Was it the doubleheader in Montreal where the first game went 18 innings with the Cubs winning on a shoestring catch (shown later on replay to be not a catch, but merely a trap, more slight of eye) by Rick Reuschel, stout of stomach but swift of leg, only to see the Cubs get hammer 15-0 in the second game, which ended somewhere just east of 3 a.m.?

No. The exact moment is unknowable. But there the passion lies, if such an emotion as passion can ever be said to "lie" rather than "gallop" or "frolic" or "bust a move." Other sports are background noise. Baseball is intimate, a whisper near enough to the ear for its breath to be felt. Baseball is pastoral, the poet's game. It is the grace of everyday working and living and dying. Even when its season passes, as all seasons must, the promise of another season is enough to warm the coldest January day, to melt the snowflakes before they can even hit the ground.

So. Baseball season kicks in again today. It's not near--it's here.
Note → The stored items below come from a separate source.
lemma lucasV_even_quadratic_roots:
  fixes x :: int
  assumes "x^2 - lucasV_even c a * lucasV_even c b * x + lucasV_even c a ^ 2 + lucasV_even c b ^ 2 - 4 = 0"
  shows "x = lucasV_even c (a + b) \<or> x = lucasV_even c (max a b - min a b)"
proof -
  define s t where "s = max a b" and "t = min a b"
  have ts: "t \<le> s" "a + b = s + t" unfolding s_def t_def by simp_all
  have "lucasV_even c (s + t) * lucasV_even c (s - t) = lucasV_even c (2*s) + lucasV_even c (2*t)"
    using lucasV_even_mult[of "s - t" "s + t" c] ts(1) by (simp add: mult_2)
  then have "(x - lucasV_even c (s + t)) * (x - lucasV_even c (s - t))
      = x^2 - lucasV_even c s * lucasV_even c t * x + lucasV_even c s ^ 2 + lucasV_even c t ^ 2 - 4"
    using lucasV_even_mult[OF ts(1), of c] unfolding lucasV_even_double by algebra
  also have "\<dots> = x^2 - lucasV_even c a * lucasV_even c b * x + lucasV_even c a ^ 2 + lucasV_even c b ^ 2 - 4"
    unfolding s_def t_def by (cases "a \<le> b") (simp_all add: max_def min_def algebra_simps)
  finally have "(x - lucasV_even c (s + t)) * (x - lucasV_even c (s - t)) = 0" using assms by simp
  then show ?thesis unfolding ts(2) s_def t_def by auto
qed

lemma sum_power_le_sigma:
  assumes "n > 0" "A \<subseteq> {d. d dvd n \<and> d > 0}"
  shows "(\<Sum>d\<in>A. d ^ k) \<le> sigma k n"
proof -
  have "finite {d. d dvd n \<and> d > 0}"
    using finite_divisors_nat[OF assms(1)] by (rule finite_subset[rotated]) auto
  then show ?thesis unfolding sigma_def using assms(2) by (rule sum_mono2) simp
qed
And I'll watch the games, the fuse burning still, even though bleacher seats at Wrigley Field cost more than I can afford on my best days and Old Comiskey is little more than a parking lot with a brass plate marking where home used to be, surrounded by open space and uninspired architecture pretending to be the sport I adore. I'll watch the games. And a large part of me will clasp hands with those fragments of my childhood that were innocent and good. And that smile you may well see pasted to my 38-year-old face like so much Colorforms fun? That's the eight-year-old on the living room floor staring up at the Zenith all over again. That's innocence. That's peace.

2 comments:

superbadfriend said...

I didn't read all of this because it's got the word baseball in it, and well. I just don't share the same passion for the sport as you do. But I too loves me some hockey. We really need to get to a game this season! GO BLACKHAWKS!

Adoresixtyfour said...

Since I originally wrote this, hockey has made a huge comeback in Chicago. Better than baseball, in my estimation. GO BLACKHAWKS!